I had just been discharged from hospital with my new-born baby. Both of us were healthy and well. I made my short visit to the labour ward to thank the midwifery team that had been with me for the past four days.
By CATHERINE MWESIGWA KIZZA
I had just been discharged from hospital with my new-born baby. Both of us were healthy and well. I made my short visit to the labour ward to thank the midwifery team that had been with me for the past four days. I was lucky to find the midwife who had been in the theatre to receive my baby at birth.
“Thank you so much,” I said pressing her small hands. I expected a bright smile, but all she could afford was a nod and sigh. Then she said, “No, don’t thank me, thank God. He saved your baby. I had lost him.” The news came to me as a surprise. I had not detected any problem.
“But I heard him cry,” I insisted. “Yes he did cry, but once. His nostrils were too small. He had failed to breathe.” Bewildered, I started to ask more questions but she continued, “Go home now. Do come back if you notice breathing problems.” Then she burst into a chuckle and joked, “It is your fault, why did you give him your small nose?” and with that disappeared into another new mother’s room.
I did not have enough time to continue the conversation, but it all came back to me. My baby had cried, but once. At that moment, during a cesarean section, I had not taken much note about it.
Thankfully, I was under a skilled theatre team, with two midwives – one to receive my baby and another one by me, just like the World Health Organisation recommends.
This is what every mother deserves, but not many in Uganda get this care. Many are lucky to have a trained midwife at their side to attend to 10 of them at a go. For the majority, there is an unskilled relative to receive the baby as the midwife tries to save the mother if there are complications.
It is no wonder that every day in Uganda, 41 new-born babies die without perhaps giving their mothers and fathers that first cherished baby smile. 40% of all deaths of children under the age of five in Uganda occur in the babies’ first month of life.
Uganda is among the world’s 50 riskiest places to be a mother. This is
Fifteen percent of under five deaths happen within the baby’s first 24 hours of life.
The causes of newborn deaths are largely preventable. 80% of the deaths are due to complications arising from babies being born prematurely, complications during childbirth and due to severe infections. The major infections include pneumonia, sepsis, meningitis and tetanus.
To prevent the deaths of babies born too soon, mothers prone to premature births are given an injection that helps the baby’s lungs to mature before it is born.
“Only one or two injections of Dexamethazone can save the baby,” says Dr. Patrick Aliganyira, the programme specialist, Saving Newborn Lives.
According to online sources, the lungs of full term babies produce a lubricant in the lining of the air sacs in the lungs.
These prevent the air sacs from sticking together when the baby breathes, allowing the new-born to breath easily on its own. In premature babies, this is not the case. An injection given to the mother helps to produce this lubricant in the baby before its premature birth, thereby improving its chances of survival.

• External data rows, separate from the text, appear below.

definition max_coherent_state :: "('n::finite \<Rightarrow> real) \<Rightarrow> ('n \<Rightarrow> complex)" where
  "max_coherent_state \<theta> = (\<lambda>i. exp (\<i> * complex_of_real (\<theta> i)) / complex_of_real (sqrt (real CARD('n))))"

definition coherence_fraction :: "('n::finite \<Rightarrow> 'n \<Rightarrow> complex) \<Rightarrow> real" where
  "coherence_fraction \<rho> =
     (SUP \<theta> :: 'n \<Rightarrow> real. Re (\<Sum>i\<in>UNIV. \<Sum>j\<in>UNIV. cnj (max_coherent_state \<theta> i) * \<rho> i j * max_coherent_state \<theta> j))"

end

theory Submission
  imports Defs
begin

(* Take a pure-state decomposition rho = sum_k p_k |psi_k><psi_k| attaining N_c(rho).  For a
   maximally coherent phi, <phi|rho|phi> = sum_k p_k |<phi|psi_k>|^2, and Cauchy-Schwarz on the
   support of psi_k, together with |phi_i|^2 = 1/d, gives |<phi|psi_k>|^2 <= R_c(psi_k)/d <= N_c(rho)/d;
   the weights p_k sum to tr rho = 1.  That rho has a pure-state decomposition at all is a
   Cholesky-type factorisation: subtracting u u^* for u the k-th column scaled by 1/sqrt(rho_kk)
   keeps the matrix positive semidefinite and removes k from the support of its diagonal. *)

definition sesq ::
    "('n::finite \<Rightarrow> 'n \<Rightarrow> complex) \<Rightarrow> ('n \<Rightarrow> complex) \<Rightarrow> ('n \<Rightarrow> complex) \<Rightarrow> complex"
  where "sesq A x y = (\<Sum>i\<in>UNIV. \<Sum>j\<in>UNIV. cnj (x i) * A i j * y j)"

definition cinner :: "('n::finite \<Rightarrow> complex) \<Rightarrow> ('n \<Rightarrow> complex) \<Rightarrow> complex"
  where "cinner x y = (\<Sum>i\<in>UNIV. cnj (x i) * y i)"

definition sqnorm :: "('n::finite \<Rightarrow> complex) \<Rightarrow> real"
  where "sqnorm x = (\<Sum>i\<in>UNIV. (cmod (x i))\<^sup>2)"

definition basis_vec :: "'n \<Rightarrow> 'n \<Rightarrow> complex"
  where "basis_vec k = (\<lambda>i. if i = k then 1 else 0)"

definition positive_semidef :: "('n::finite \<Rightarrow> 'n \<Rightarrow> complex) \<Rightarrow> bool"
  where "positive_semidef A \<longleftrightarrow> (\<forall>i j. A j i = cnj (A i j)) \<and> (\<forall>v. 0 \<le> Re (sesq A v v))"
(* Let $\delta>0$. Let $\mathcal E_{\mathrm{tab}}(\delta)$ be the event that $|\bar f(s,a)-r(s,a)|\le b(s,a)$ for all $(s,a)\in\mathcal S\times\mathcal A$, and let $\mathcal E_{\mathrm{bin}}(\delta)$ be the event that $$\frac{1}{N(s,a)\vee1}\le\frac{8\log(2|\mathcal S||\mathcal A|/\delta)}{n\,\rho(s)\,\pi^{\mathrm{ref}}(a|s)}\quad\text{for all }(s,a)\in\mathcal S\times\mathcal A.$$ Then $\mathcal E_{\mathrm{tab}}(\delta)\cap\mathcal E_{\mathrm{bin}}(\delta)$ holds with probability at least $1-\delta$.
   Context: Finite $\mathcal S,\mathcal A$; mean reward $r:\mathcal S\times\mathcal A\to[0,1]$; $\rho\in\Delta(\mathcal S)$; $\pi^{\mathrm{ref}}\in\Delta(\mathcal A|\mathcal S)$ with $\pi^{\mathrm{ref}}(a|s)>0$ for all $(s,a)$. Dataset: $n$ i.i.d. triples $(s_i,a_i,r_i)$, $s_i\sim\rho$, $a_i\sim\pi^{\mathrm{ref}}(\cdot|s_i)$, $r_i=r(s_i,a_i)+\varepsilon_i$, $\varepsilon_i$ i.i.d. mean-zero $1$-subgaussian. $N(s,a)=\sum_i\mathbf 1\{(s_i,a_i)=(s,a)\}$. If $N(s,a)=0$: $\bar f(s,a)=0$, $b(s,a)=1$; otherwise $\bar f(s,a)=\frac1{N(s,a)}\sum_ir_i\mathbf 1\{(s_i,a_i)=(s,a)\}$ and $b(s,a)=\sqrt{4\log(2|\mathcal S||\mathcal A|/\delta)/N(s,a)}$. *)

theory Defs
  imports "HOL-Probability.Probability"
begin

definition sa_pmf :: "'s pmf \<Rightarrow> ('s \<Rightarrow> 'a pmf) \<Rightarrow> ('s \<times> 'a) pmf" where
  "sa_pmf \<rho> \<pi> = bind_pmf \<rho> (\<lambda>s. map_pmf (\<lambda>a. (s, a)) (\<pi> s))"

definition subgaussian1 :: "real measure \<Rightarrow> bool" where
  "subgaussian1 \<nu> \<longleftrightarrow> prob_space \<nu> \<and> sets \<nu> = sets borel \<and>
     integrable \<nu> (\<lambda>x. x) \<and> (\<integral>x. x \<partial>\<nu>) = 0 \<and>
     (\<forall>t::real. integrable \<nu> (\<lambda>x. exp (t * x)) \<and>
        (\<integral>x. exp (t * x) \<partial>\<nu>) \<le> exp (t\<^sup>2 / 2))"

text \<open>Dataset of n i.i.d. samples: sample i is ((s_i, a_i), eps_i), with (s_i,a_i) ~ sa_pmf
  and noise eps_i ~ nu independent; observed reward r_i = r(s_i,a_i) + eps_i.\<close>
definition data_measure ::
  "nat \<Rightarrow> 's pmf \<Rightarrow> ('s \<Rightarrow> 'a pmf) \<Rightarrow> real measure \<Rightarrow> (nat \<Rightarrow> ('s \<times> 'a) \<times> real) measure" where
  "data_measure n \<rho> \<pi> \<nu> = PiM {..<n} (\<lambda>_. measure_pmf (sa_pmf \<rho> \<pi>) \<Otimes>\<^sub>M \<nu>)"

definition visits :: "nat \<Rightarrow> (nat \<Rightarrow> ('s \<times> 'a) \<times> real) \<Rightarrow> 's \<Rightarrow> 'a \<Rightarrow> nat set" where
  "visits n \<omega> s a = {i \<in> {..<n}. fst (\<omega> i) = (s, a)}"

definition Ncount :: "nat \<Rightarrow> (nat \<Rightarrow> ('s \<times> 'a) \<times> real) \<Rightarrow> 's \<Rightarrow> 'a \<Rightarrow> nat" where
  "Ncount n \<omega> s a = card (visits n \<omega> s a)"

definition fbar :: "nat \<Rightarrow> ('s \<Rightarrow> 'a \<Rightarrow> real) \<Rightarrow> (nat \<Rightarrow> ('s \<times> 'a) \<times> real) \<Rightarrow> 's \<Rightarrow> 'a \<Rightarrow> real" where
  "fbar n r \<omega> s a = (if Ncount n \<omega> s a = 0 then 0
     else (\<Sum>i\<in>visits n \<omega> s a. r s a + snd (\<omega> i)) / real (Ncount n \<omega> s a))"

definition logterm :: "('s::finite) itself \<Rightarrow> ('a::finite) itself \<Rightarrow> real \<Rightarrow> real" where
  "logterm _ _ \<delta> = ln (2 * real CARD('s) * real CARD('a) / \<delta>)"

definition bonus :: "nat \<Rightarrow> real \<Rightarrow> (nat \<Rightarrow> ('s::finite \<times> 'a::finite) \<times> real) \<Rightarrow> 's \<Rightarrow> 'a \<Rightarrow> real" where
  "bonus n \<delta> \<omega> s a = (if Ncount n \<omega> s a = 0 then 1
     else sqrt (4 * logterm TYPE('s) TYPE('a) \<delta> / real (Ncount n \<omega> s a)))"

definition E_tab :: "nat \<Rightarrow> real \<Rightarrow> ('s::finite \<Rightarrow> 'a::finite \<Rightarrow> real) \<Rightarrow> (nat \<Rightarrow> ('s \<times> 'a) \<times> real) set" where
  "E_tab n \<delta> r = {\<omega>. \<forall>s a. \<bar>fbar n r \<omega> s a - r s a\<bar> \<le> bonus n \<delta> \<omega> s a}"

text \<open>1/(N v 1) <= 8 L / (n rho(s) pi(a|s)), written multiplicatively so that the right-hand
  side is read as +infinity when n rho(s) pi(a|s) = 0.\<close>
definition E_bin :: "nat \<Rightarrow> real \<Rightarrow> ('s::finite) pmf \<Rightarrow> ('s \<Rightarrow> ('a::finite) pmf) \<Rightarrow> (nat \<Rightarrow> ('s \<times> 'a) \<times> real) set" where
  "E_bin n \<delta> \<rho> \<pi> = {\<omega>. \<forall>s a. real n * pmf \<rho> s * pmf (\<pi> s) a
      \<le> 8 * logterm TYPE('s) TYPE('a) \<delta> * real (max (Ncount n \<omega> s a) 1)}"

end

theory Submission
  imports Defs
begin

(* A single Markov argument: bad_witness is nonnegative, at least 1 outside E_tab \<inter> E_bin,
   and has expectation at most 2 |S| |A| exp (-L) = \<delta>, where L = log (2 |S| |A| / \<delta>).
   For the empirical mean at (s, a) the set of visiting samples is random, so the exponential
   moment witness is summed over all candidate visit sets W; the term for W has expectation at
   most exp (|W| t^2 / 2) p^|W| (1 - p)^(n - |W|), and for t^2 = 4 L / |W| these binomial weights
   add up to exp (2 L).  For the count N the Chernoff witness exp (n p / (8 L) - N) works, because
   E exp (-N) = (1 - (1 - 1/e) p)^n \<le> exp (- n p / 2). *)

lemma (in pair_sigma_finite) integral_fst_times_snd:
  fixes f :: "'a \<Rightarrow> real" and g :: "'b \<Rightarrow> real"
  assumes f: "integrable M1 f" and g: "integrable M2 g"
  shows "integrable (M1 \<Otimes>\<^sub>M M2) (\<lambda>x. f (fst x) * g (snd x))"
    and "(\<integral>x. f (fst x) * g (snd x) \<partial>(M1 \<Otimes>\<^sub>M M2)) = integral\<^sup>L M1 f * integral\<^sup>L M2 g"
proof -
  have [measurable]: "f \<in> borel_measurable M1" "g \<in> borel_measurable M2"
    using f g by auto
  show int: "integrable (M1 \<Otimes>\<^sub>M M2) (\<lambda>x. f (fst x) * g (snd x))"
    by (rule Fubini_integrable)
      (auto simp: abs_mult intro!: f g integrable_mult_left integrable_mult_right integrable_abs)
  have "(\<integral>x. f (fst x) * g (snd x) \<partial>(M1 \<Otimes>\<^sub>M M2)) = (\<integral>x. (\<integral>y. f x * g y \<partial>M2) \<partial>M1)"
    using integral_fst'[OF int] by simp
  then show "(\<integral>x. f (fst x) * g (snd x) \<partial>(M1 \<Otimes>\<^sub>M M2)) = integral\<^sup>L M1 f * integral\<^sup>L M2 g"
    by simp
qed

lemma pmf_sa_pmf: "pmf (sa_pmf \<rho> \<pi>) (s, a) = pmf \<rho> s * pmf (\<pi> s) a"
proof -
  have "pmf (sa_pmf \<rho> \<pi>) (s, a) = (\<integral>x. indicator {s} x * pmf (\<pi> s) a \<partial>\<rho>)"
    unfolding sa_pmf_def pmf_bind
    by (intro Bochner_Integration.integral_cong refl)
      (auto simp: pmf_map inj_on_def vimage_def indicator_def measure_pmf_single)
  also have "\<dots> = pmf \<rho> s * pmf (\<pi> s) a" by (simp add: measure_pmf_single)
  finally show ?thesis .
qed

lemma (in prob_space) prob_le_integral:
  assumes "A \<in> events" "integrable M F" "\<And>\<omega>. \<omega> \<in> space M \<Longrightarrow> 0 \<le> F \<omega>" "\<And>\<omega>. \<omega> \<in> A \<Longrightarrow> 1 \<le> F \<omega>"
  shows "prob A \<le> integral\<^sup>L M F"
proof -
  have "prob A = integral\<^sup>L M (indicator A)"
    using assms(1) by simp
  also have "\<dots> \<le> integral\<^sup>L M F"
    using assms
    by (intro integral_mono) (auto simp: indicator_def emeasure_finite less_top[symmetric])
  finally show ?thesis .
qed

lemma prob_space_sample: "prob_space \<nu> \<Longrightarrow> prob_space (measure_pmf P \<Otimes>\<^sub>M \<nu>)"
  by (intro prob_space_pair prob_space_measure_pmf)

lemma prob_space_data_measure: "subgaussian1 \<nu> \<Longrightarrow> prob_space (data_measure n \<rho> \<pi> \<nu>)"
  unfolding data_measure_def subgaussian1_def by (intro prob_space_PiM prob_space_sample) auto

lemma measurable_data_fst [measurable]:
  assumes "i \<in> {..<n}"
  shows "(\<lambda>\<omega>. fst (\<omega> i)) \<in> measurable (data_measure n \<rho> \<pi> \<nu>) (count_space UNIV)"
  unfolding data_measure_def
  by (rule measurable_compose[OF measurable_component_singleton[of i] measurable_fst''])
    (use assms in simp_all)

lemma measurable_data_snd [measurable]:
  assumes "sets \<nu> = sets borel" and "i \<in> {..<n}"
  shows "(\<lambda>\<omega>. snd (\<omega> i)) \<in> borel_measurable (data_measure n \<rho> \<pi> \<nu>)"
  unfolding data_measure_def
  by (rule measurable_compose[OF measurable_component_singleton[of i] measurable_snd''])
    (use assms in \<open>simp_all add: measurable_cong_sets[OF refl assms(1), symmetric]\<close>)

lemma Ncount_eq_sum: "Ncount n \<omega> s a = (\<Sum>i<n. if fst (\<omega> i) = (s, a) then 1 else 0)"
  unfolding Ncount_def visits_def by (simp add: sum.If_cases Int_def)

lemma fbar_eq_sum: "fbar n r \<omega> s a = (if Ncount n \<omega> s a = 0 then 0
    else (\<Sum>i<n. if fst (\<omega> i) = (s, a) then r s a + snd (\<omega> i) else 0) / Ncount n \<omega> s a)"
  unfolding fbar_def visits_def by (simp add: sum.If_cases Int_def)

lemma measurable_Ncount [measurable]:
  "(\<lambda>\<omega>. Ncount n \<omega> s a) \<in> measurable (data_measure n \<rho> \<pi> \<nu>) (count_space UNIV)"
proof -
  have "(\<lambda>\<omega>. Ncount n \<omega> s a) \<in> borel_measurable (data_measure n \<rho> \<pi> \<nu>)"
    unfolding Ncount_eq_sum by measurable
  then show ?thesis
    by (simp add: measurable_cong_sets[OF refl sets_borel_eq_count_space, symmetric])
qed

lemma borel_measurable_fbar [measurable]:
  assumes "sets \<nu> = sets borel"
  shows "(\<lambda>\<omega>. fbar n r \<omega> s a) \<in> borel_measurable (data_measure n \<rho> \<pi> \<nu>)"
  unfolding fbar_eq_sum using assms by measurable

lemma borel_measurable_bonus [measurable]:
  "(\<lambda>\<omega>. bonus n \<delta> \<omega> s a) \<in> borel_measurable (data_measure n \<rho> \<pi> \<nu>)"
  unfolding bonus_def by measurable

lemma sets_E_tab_Int_E_bin:
  fixes r :: "'s::finite \<Rightarrow> 'a::finite \<Rightarrow> real"
  assumes "sets \<nu> = sets borel"
  shows "space (data_measure n \<rho> \<pi> \<nu>) \<inter> (E_tab n \<delta> r \<inter> E_bin n \<delta> \<rho> \<pi>) \<in> sets (data_measure n \<rho> \<pi> \<nu>)"
proof -
  have [measurable]: "Measurable.pred (data_measure n \<rho> \<pi> \<nu>)
      (\<lambda>\<omega>. \<bar>fbar n r \<omega> s a - r s a\<bar> \<le> bonus n \<delta> \<omega> s a)" for s a
    unfolding pred_def using assms by (intro borel_measurable_le) measurable
  have "space (data_measure n \<rho> \<pi> \<nu>) \<inter> (E_tab n \<delta> r \<inter> E_bin n \<delta> \<rho> \<pi>)
      = {\<omega> \<in> space (data_measure n \<rho> \<pi> \<nu>). \<forall>s a. \<bar>fbar n r \<omega> s a - r s a\<bar> \<le> bonus n \<delta> \<omega> s a
          \<and> n * pmf \<rho> s * pmf (\<pi> s) a \<le> 8 * logterm TYPE('s) TYPE('a) \<delta> * real (max (Ncount n \<omega> s a) 1)}"
    by (auto simp: E_tab_def E_bin_def)
  also have "\<dots> \<in> sets (data_measure n \<rho> \<pi> \<nu>)"
    by measurable
  finally show ?thesis .
qed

Corticosteroid drugs like Dexamethazone can lower the risk of breathing problems in a premature baby after it is born. The drug also prevents other conditions in premature babies like bleeding in the brain, intestinal infection and even death.
Also to ensure the premature baby survives, Kangaroo mother care, where the premature baby is strapped on its mother’s chest, with skin to skin contact, has been found to improve survival rates than the incubator.
“Kangaroo mother care position facilitates breastfeeding, is a natural incubator and reduces chances of infection,” Dr. Aliganyira says.
To prevent complications during childbirth, mothers are encouraged to deliver with skilled attendants. These are healthcare workers with midwifery skills.
“Traditional birth attendants are not able to detect complications the baby may suffer during labour while still in its mother’s womb. They cannot perform cesarean sections to save the baby or mother’s life when either one of them is in danger,” he says.
Unskilled attendants also do not have skills to help babies breathe at birth, yet newborn resuscitation helps babies who are unable to establish the first breath to breathe and live.
Dangerous cultural practices around the newborn’s cord and its care are also a cause of concern. According to Aliganyira, the baby’s skin and the cord are the biggest entry of infection to the newborn, leading to life-threatening infections.
Known interventions to save mothers from maternal death also save babies. There is need to train, recruit and retain health workers with midwifery skills and to support them with the tools and supplies they need to save mothers and babies. Nurses without midwifery skills do not have the ability and confidence to detect and handle complications.
Communities and fathers need to encourage mothers to attend antenatal care at least four times during pregnancy to receive necessary immunisation and monitoring for themselves and the babies.
With this done, perhaps we shall be able to see every mother and family in Uganda smile, at not only each baby’s first birthday, but through the fifth birthday and for life.